Work order
Every line of the material below in which "dots" shows up is to be located and copied.

--------------------

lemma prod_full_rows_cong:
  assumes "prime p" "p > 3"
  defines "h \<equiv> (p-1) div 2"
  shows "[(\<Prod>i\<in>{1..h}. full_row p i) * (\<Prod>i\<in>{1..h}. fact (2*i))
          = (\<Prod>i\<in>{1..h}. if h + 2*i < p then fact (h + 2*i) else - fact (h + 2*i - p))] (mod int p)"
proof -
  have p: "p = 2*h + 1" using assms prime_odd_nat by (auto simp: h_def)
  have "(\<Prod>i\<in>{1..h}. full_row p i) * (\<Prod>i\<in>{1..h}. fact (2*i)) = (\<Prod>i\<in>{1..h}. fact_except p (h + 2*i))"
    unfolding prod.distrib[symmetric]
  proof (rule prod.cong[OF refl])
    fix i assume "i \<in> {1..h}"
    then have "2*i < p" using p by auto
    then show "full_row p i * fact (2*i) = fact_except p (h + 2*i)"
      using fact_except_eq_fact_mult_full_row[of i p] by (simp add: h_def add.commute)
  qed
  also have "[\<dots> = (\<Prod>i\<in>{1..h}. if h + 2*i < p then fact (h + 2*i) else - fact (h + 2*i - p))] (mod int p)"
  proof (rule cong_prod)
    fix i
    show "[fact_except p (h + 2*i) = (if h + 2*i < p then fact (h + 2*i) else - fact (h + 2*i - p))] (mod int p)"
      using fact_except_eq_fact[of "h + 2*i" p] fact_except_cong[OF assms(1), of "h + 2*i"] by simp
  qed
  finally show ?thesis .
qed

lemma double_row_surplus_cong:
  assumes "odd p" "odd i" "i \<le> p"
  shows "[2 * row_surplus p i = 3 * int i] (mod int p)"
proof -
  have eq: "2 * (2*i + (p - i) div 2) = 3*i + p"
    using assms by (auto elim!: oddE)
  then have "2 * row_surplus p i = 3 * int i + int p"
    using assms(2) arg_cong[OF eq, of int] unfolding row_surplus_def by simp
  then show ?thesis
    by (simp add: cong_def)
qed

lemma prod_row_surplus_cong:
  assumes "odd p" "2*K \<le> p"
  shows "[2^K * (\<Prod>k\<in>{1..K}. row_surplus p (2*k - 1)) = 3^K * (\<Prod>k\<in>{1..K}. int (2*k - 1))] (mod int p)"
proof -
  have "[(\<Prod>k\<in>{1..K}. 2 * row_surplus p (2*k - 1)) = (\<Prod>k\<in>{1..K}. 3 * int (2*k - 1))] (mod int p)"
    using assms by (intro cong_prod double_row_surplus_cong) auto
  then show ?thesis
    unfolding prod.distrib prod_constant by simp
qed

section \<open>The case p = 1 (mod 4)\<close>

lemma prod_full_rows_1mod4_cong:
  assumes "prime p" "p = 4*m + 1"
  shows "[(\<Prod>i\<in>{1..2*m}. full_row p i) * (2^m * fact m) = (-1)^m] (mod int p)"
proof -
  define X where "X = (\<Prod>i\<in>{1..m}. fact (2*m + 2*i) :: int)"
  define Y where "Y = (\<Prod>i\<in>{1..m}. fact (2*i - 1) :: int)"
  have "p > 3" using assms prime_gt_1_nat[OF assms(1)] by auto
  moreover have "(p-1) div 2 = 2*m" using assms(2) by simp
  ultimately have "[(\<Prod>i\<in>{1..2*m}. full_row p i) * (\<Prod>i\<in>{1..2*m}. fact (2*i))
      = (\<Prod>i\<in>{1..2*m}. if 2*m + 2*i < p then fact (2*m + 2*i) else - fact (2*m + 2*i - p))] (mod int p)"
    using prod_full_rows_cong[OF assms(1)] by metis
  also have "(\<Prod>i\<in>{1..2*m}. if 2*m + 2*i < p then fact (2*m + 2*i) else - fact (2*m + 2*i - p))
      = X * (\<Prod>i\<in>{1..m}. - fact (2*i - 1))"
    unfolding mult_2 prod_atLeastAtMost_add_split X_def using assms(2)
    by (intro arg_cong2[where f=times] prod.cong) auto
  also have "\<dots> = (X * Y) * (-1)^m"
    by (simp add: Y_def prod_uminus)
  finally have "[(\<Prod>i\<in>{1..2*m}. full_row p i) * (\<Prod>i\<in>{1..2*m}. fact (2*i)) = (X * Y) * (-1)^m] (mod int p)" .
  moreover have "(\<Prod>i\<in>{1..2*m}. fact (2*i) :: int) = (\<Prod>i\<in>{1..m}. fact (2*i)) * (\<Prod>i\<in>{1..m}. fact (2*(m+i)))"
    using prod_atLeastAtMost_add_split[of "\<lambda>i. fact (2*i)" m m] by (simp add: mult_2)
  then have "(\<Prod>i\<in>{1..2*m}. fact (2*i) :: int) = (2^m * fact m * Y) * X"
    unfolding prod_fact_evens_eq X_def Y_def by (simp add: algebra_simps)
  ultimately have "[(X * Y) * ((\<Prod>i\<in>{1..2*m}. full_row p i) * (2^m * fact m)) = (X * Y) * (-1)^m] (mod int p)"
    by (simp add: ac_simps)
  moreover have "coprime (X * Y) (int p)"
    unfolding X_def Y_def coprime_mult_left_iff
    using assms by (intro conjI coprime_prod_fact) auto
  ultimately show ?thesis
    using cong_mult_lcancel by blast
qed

--------------------

Exercise output
  also have "[\<dots> = (\<Prod>i\<in>{1..h}. if h + 2*i < p then fact (h + 2*i) else - fact (h + 2*i - p))] (mod int p)"
  also have "\<dots> = (X * Y) * (-1)^m"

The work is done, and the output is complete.